Transmetro, officially, Sistema Integrado de Transporte Masivo de Barranquilla y su Área Metropolitana (Spanish for: Mass Transit Integrated System of Barranquilla and its Metropolitan Area), is the bus rapid transit system that has been operating in Barranquilla, Colombia, since July 10, 2010. It becomes the fifth city in the country to implement and inaugurate this type of transportation system (after Bogotá, Pereira, Cali, and Bucaramanga). It consists of articulated buses that travel on exclusive lanes along the city's main avenues with fixed stops. Its objective is to improve population mobility. It operates from 5:00 a.m. to 10:30 p.m.

On December 22, 2008, the first station of the system was inaugurated, named after sociologist Alfredo Correa de Andréis, located on Carrera 46-Troncal Olaya Herrera and Calle 62.
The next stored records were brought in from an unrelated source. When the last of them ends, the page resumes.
(* Let $\mathbb{F}$ be an algebraically closed field with $\mathrm{char}\,\mathbb{F}=2$. Let $\underline{a},\underline{b}\in\mathbf{O}^n$, let $A\in{\rm GL}_n(\mathbb{F})$, and put $\underline{a}'=\underline{a}A$, $\underline{b}'=\underline{b}A$. Then: (a) ${\rm G}_2\underline{a}={\rm G}_2\underline{b}$ if and only if ${\rm G}_2\underline{a}'={\rm G}_2\underline{b}'$; (b) for every $d\ge2$, $f(\underline{a})=f(\underline{b})$ for all $f\in S_n^{(d)}$ if and only if $f(\underline{a}')=f(\underline{b}')$ for all $f\in S_n^{(d)}$; (c) the orbit ${\rm G}_2\underline{a}$ is Zariski closed in $\mathbf{O}^n$ if and only if ${\rm G}_2\underline{a}'$ is Zariski closed in $\mathbf{O}^n$.
   Context: The split octonion algebra $\mathbf{O}$ is the 8-dimensional $\mathbb{F}$-vector space of formal matrices $a=\begin{pmatrix}\alpha&\mathbf{u}\\ \mathbf{v}&\beta\end{pmatrix}$ with $\alpha,\beta\in\mathbb{F}$, $\mathbf{u},\mathbf{v}\in\mathbb{F}^3$, with multiplication $\begin{pmatrix}\alpha&\mathbf{u}\\ \mathbf{v}&\beta\end{pmatrix}\begin{pmatrix}\alpha'&\mathbf{u}'\\ \mathbf{v}'&\beta'\end{pmatrix}=\begin{pmatrix}\alpha\alpha'+\mathbf{u}\cdot\mathbf{v}'&\alpha\mathbf{u}'+\beta'\mathbf{u}-\mathbf{v}\times\mathbf{v}'\\ \alpha'\mathbf{v}+\beta\mathbf{v}'+\mathbf{u}\times\mathbf{u}'&\beta\beta'+\mathbf{v}\cdot\mathbf{u}'\end{pmatrix}$ (dot product and cross product on $\mathbb{F}^3$). Trace $\mathrm{tr}(a)=\alpha+\beta$, norm $n(a)=\alpha\beta-\mathbf{u}\cdot\mathbf{v}$. ${\rm G}_2=\mathrm{Aut}(\mathbf{O})$ acts diagonally on $\mathbf{O}^n$. ${\rm GL}_n(\mathbb{F})$ acts on $\mathbf{O}^n$ on the right: for $A=(\alpha_{ij})$, $(\underline{a}A)_i=\sum_{k=1}^n\alpha_{ki}a_k$. $S_n$ is the set of polynomial functions on $\mathbf{O}^n$ consisting of $\underline{a}\mapsto n(a_i)$ ($1\le i\le n$, degree $2$) and $\underline{a}\mapsto\mathrm{tr}((\cdots((a_{i_1}a_{i_2})a_{i_3})\cdots)a_{i_k})$ for $k\ge1$, $1\le i_1<\cdots<i_k\le n$ (degree $k$); $S_n^{(d)}$ is its subset of elements of degree at most $d$. *)

theory Defs
  imports "HOL-Computational_Algebra.Polynomial"
begin

datatype 'f vec3 = V3 'f 'f 'f

fun dot3 :: "'f::comm_ring_1 vec3 \<Rightarrow> 'f vec3 \<Rightarrow> 'f" where
  "dot3 (V3 x1 x2 x3) (V3 y1 y2 y3) = x1*y1 + x2*y2 + x3*y3"

fun cross3 :: "'f::comm_ring_1 vec3 \<Rightarrow> 'f vec3 \<Rightarrow> 'f vec3" where
  "cross3 (V3 x1 x2 x3) (V3 y1 y2 y3) =
     V3 (x2*y3 - x3*y2) (x3*y1 - x1*y3) (x1*y2 - x2*y1)"

fun vadd3 :: "'f::comm_ring_1 vec3 \<Rightarrow> 'f vec3 \<Rightarrow> 'f vec3" where
  "vadd3 (V3 x1 x2 x3) (V3 y1 y2 y3) = V3 (x1+y1) (x2+y2) (x3+y3)"

fun vsub3 :: "'f::comm_ring_1 vec3 \<Rightarrow> 'f vec3 \<Rightarrow> 'f vec3" where
  "vsub3 (V3 x1 x2 x3) (V3 y1 y2 y3) = V3 (x1-y1) (x2-y2) (x3-y3)"

fun vsmult3 :: "'f::comm_ring_1 \<Rightarrow> 'f vec3 \<Rightarrow> 'f vec3" where
  "vsmult3 c (V3 x1 x2 x3) = V3 (c*x1) (c*x2) (c*x3)"

text \<open>Oct alpha u v beta represents the formal matrix with rows (alpha, u) and (v, beta).\<close>
datatype 'f oct = Oct 'f "'f vec3" "'f vec3" 'f

fun oct_add :: "'f::comm_ring_1 oct \<Rightarrow> 'f oct \<Rightarrow> 'f oct" where
  "oct_add (Oct a u v b) (Oct a' u' v' b') = Oct (a+a') (vadd3 u u') (vadd3 v v') (b+b')"

definition oct_zero :: "'f::comm_ring_1 oct" where
  "oct_zero = Oct 0 (V3 0 0 0) (V3 0 0 0) 0"

fun oct_smult :: "'f::comm_ring_1 \<Rightarrow> 'f oct \<Rightarrow> 'f oct" where
  "oct_smult c (Oct a u v b) = Oct (c*a) (vsmult3 c u) (vsmult3 c v) (c*b)"

fun oct_mult :: "'f::comm_ring_1 oct \<Rightarrow> 'f oct \<Rightarrow> 'f oct" where
  "oct_mult (Oct a u v b) (Oct a' u' v' b') =
     Oct (a*a' + dot3 u v')
         (vsub3 (vadd3 (vsmult3 a u') (vsmult3 b' u)) (cross3 v v'))
         (vadd3 (vadd3 (vsmult3 a' v) (vsmult3 b v')) (cross3 u u'))
         (b*b' + dot3 v u')"

fun oct_tr :: "'f::comm_ring_1 oct \<Rightarrow> 'f" where
  "oct_tr (Oct a u v b) = a + b"

fun oct_norm :: "'f::comm_ring_1 oct \<Rightarrow> 'f" where
  "oct_norm (Oct a u v b) = a*b - dot3 u v"

fun oct_coord :: "'f oct \<Rightarrow> nat \<Rightarrow> 'f" where
  "oct_coord (Oct a (V3 u1 u2 u3) (V3 v1 v2 v3) b) j =
     [a, u1, u2, u3, v1, v2, v3, b] ! j"

definition G2 :: "('f::field oct \<Rightarrow> 'f oct) set" where
  "G2 = {g. bij g \<and> (\<forall>x y. g (oct_add x y) = oct_add (g x) (g y))
              \<and> (\<forall>c x. g (oct_smult c x) = oct_smult c (g x))
              \<and> (\<forall>x y. g (oct_mult x y) = oct_mult (g x) (g y))}"

definition octn :: "nat \<Rightarrow> 'f oct list set" where
  "octn n = {xs. length xs = n}"

definition G2_orbit :: "'f::field oct list \<Rightarrow> 'f oct list set" where
  "G2_orbit xs = (\<lambda>g. map g xs) ` G2"

text \<open>n x n matrices as functions nat => nat => 'f (entries with indices < n matter).\<close>
definition invertible_mat :: "nat \<Rightarrow> (nat \<Rightarrow> nat \<Rightarrow> 'f::field) \<Rightarrow> bool" where
  "invertible_mat n A \<longleftrightarrow> (\<exists>B.
      (\<forall>i<n. \<forall>j<n. (\<Sum>k<n. A i k * B k j) = (if i = j then 1 else 0)) \<and>
      (\<forall>i<n. \<forall>j<n. (\<Sum>k<n. B i k * A k j) = (if i = j then 1 else 0)))"

definition oct_sum_list :: "'f::comm_ring_1 oct list \<Rightarrow> 'f oct" where
  "oct_sum_list xs = foldr oct_add xs oct_zero"

definition gl_act :: "'f::comm_ring_1 oct list \<Rightarrow> (nat \<Rightarrow> nat \<Rightarrow> 'f) \<Rightarrow> 'f oct list" where
  "gl_act xs A = map (\<lambda>i. oct_sum_list (map (\<lambda>k. oct_smult (A k i) (xs ! k)) [0..<length xs]))
                     [0..<length xs]"

definition lnprod :: "'f::comm_ring_1 oct list \<Rightarrow> nat list \<Rightarrow> 'f oct" where
  "lnprod xs is = foldl (\<lambda>p i. oct_mult p (xs ! i)) (xs ! hd is) (tl is)"

definition Sd :: "nat \<Rightarrow> nat \<Rightarrow> ('f::comm_ring_1 oct list \<Rightarrow> 'f) set" where
  "Sd n d =
     {(\<lambda>xs. oct_norm (xs ! i)) | i. i < n \<and> 2 \<le> d} \<union>
     {(\<lambda>xs. oct_tr (lnprod xs is)) | is. is \<noteq> [] \<and> sorted_wrt (<) is \<and>
          (\<forall>i\<in>set is. i < n) \<and> length is \<le> d}"

inductive_set poly_fun :: "nat \<Rightarrow> ('f::comm_ring_1 oct list \<Rightarrow> 'f) set" for n where
  pconst: "(\<lambda>_. c) \<in> poly_fun n"
| pcoord: "i < n \<Longrightarrow> j < 8 \<Longrightarrow> (\<lambda>xs. oct_coord (xs ! i) j) \<in> poly_fun n"
| padd: "p \<in> poly_fun n \<Longrightarrow> q \<in> poly_fun n \<Longrightarrow> (\<lambda>xs. p xs + q xs) \<in> poly_fun n"
| pmult: "p \<in> poly_fun n \<Longrightarrow> q \<in> poly_fun n \<Longrightarrow> (\<lambda>xs. p xs * q xs) \<in> poly_fun n"

definition zariski_closed :: "nat \<Rightarrow> 'f::comm_ring_1 oct list set \<Rightarrow> bool" where
  "zariski_closed n X \<longleftrightarrow>
     (\<exists>P \<subseteq> poly_fun n. X = {xs \<in> octn n. \<forall>p\<in>P. p xs = 0})"

end

(*
  The map x \<mapsto> x A is a linear automorphism of O^n with inverse x \<mapsto> x A^-1.
  It commutes with the diagonal (linear) action of G2, which gives (a), and both it and
  its inverse are polynomial maps, which gives (c).

  For (b), the right alternative law and its linearization
    (p x) x = tr(x) p x - n(x) p,
    (p x) y + (p y) x = tr(x) p y + tr(y) p x + (tr(y x) - tr(x) tr(y)) p
  rewrite the trace of every left-normed word of length at most d in the entries of x
  as a polynomial in the functions of S_n^(d). By multilinearity, the word
  traces of x A are linear combinations of word traces of x of the same length, with
  coefficients independent of x, and n((x A)_i) is determined by the norms, traces and
  pairwise product traces of the entries of x.
*)
theory Submission
  imports Defs
begin

lemma oct_full_cases:
  obtains a u1 u2 u3 v1 v2 v3 b where "x = Oct a (V3 u1 u2 u3) (V3 v1 v2 v3) b"
  by (metis oct.exhaust vec3.exhaust)

definition oct_one :: "'f::comm_ring_1 oct" where
  "oct_one = Oct 1 (V3 0 0 0) (V3 0 0 0) 1"

context
  fixes x y z :: "'f::comm_ring_1 oct" and c d :: 'f
begin

lemma oct_add_assoc: "oct_add (oct_add x y) z = oct_add x (oct_add y z)"
  by (cases x rule: oct_full_cases; cases y rule: oct_full_cases; cases z rule: oct_full_cases)
    (simp add: algebra_simps)

lemma oct_add_zero_left [simp]: "oct_add oct_zero x = x"
  by (cases x rule: oct_full_cases) (simp add: oct_zero_def)

lemma oct_add_zero_right [simp]: "oct_add x oct_zero = x"
  by (cases x rule: oct_full_cases) (simp add: oct_zero_def)

lemma oct_smult_add: "oct_smult c (oct_add x y) = oct_add (oct_smult c x) (oct_smult c y)"
  by (cases x rule: oct_full_cases; cases y rule: oct_full_cases) (simp add: algebra_simps)

lemma oct_smult_smult [simp]: "oct_smult c (oct_smult d x) = oct_smult (c * d) x"
  by (cases x rule: oct_full_cases) (simp add: algebra_simps)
On April 4, 2010, the first two articulated vehicles and the first six standard vehicles left Pereira, the headquarters of the Busscar assembly plant, for the official inauguration of the system on April 7, 2010, the 197th anniversary of Barranquilla, which was presided over by then-President Álvaro Uribe Vélez.

After a three-month training and testing period, Transmetro began commercial operations on July 10, 2010, with a fare of $1,400 pesos using a rechargeable electronic card system. The system operates with standard and articulated buses that travel along the Murillo and Olaya Herrera trunk roads, in addition to feeder routes.

== History ==

=== Background ===
When President Andrés Pastrana Arango inaugurated Bogotá's Integrated Mass Transit System of the Third Millennium (TransMilenio) in 2000, Barranquilla Mayor Humberto Caiaffa Rivas proposed that the city have a transportation system that would improve the quality of life of Barranquilla residents. Thus, in 2001, Transmetro was born. The relevant studies were completed, and its construction began in 2005. This was a challenge due to Barranquilla's topography. The city is located near the Magdalena River, and whenever it rains, streams form in the streets. The Atlantic Society of Engineers decided not to begin construction of the system until a study for stream channeling was completed. The intention was to integrate some of the roads restored during this period into the system as pre-loading routes.

Construction began in 2005, causing traffic disruptions, especially on Olaya Herrera Avenue, which was the only one closed to channel the Bolívar Stream in the city center. On Murillo Avenue, it caused traffic disruptions on the extension to Soledad, as this artery is the only access to the Metropolitan Transport Terminal.

The contractor's work was progressing slowly until Alejandro Char Chaljub was elected mayor. The project made significant progress, although the paving slabs began to wear prematurely before the system was operational. The administration held the contractor accountable for replacing 600 paving slabs on Murillo Avenue, and the contractors who built the system's first stations (Esthercita Forero and Alfredo Correa de Andréis) were also required to demolish and rebuild them because they failed the endurance test.

On April 7, 2010, Barranquilla's 197th anniversary, the system was inaugurated. However, it began operating with a significant number of vehicles and during peak hours on June 27, 2010, so that people could become familiar with its operation. From July 6 to 10, people could test it all day (from 5:00 AM to 10:00 PM), but the toll gates at the return station and the stations at 21st and La Arenosa during the educational routes were not in operation. On July 11, when commercial operation began, the remaining stations were opened.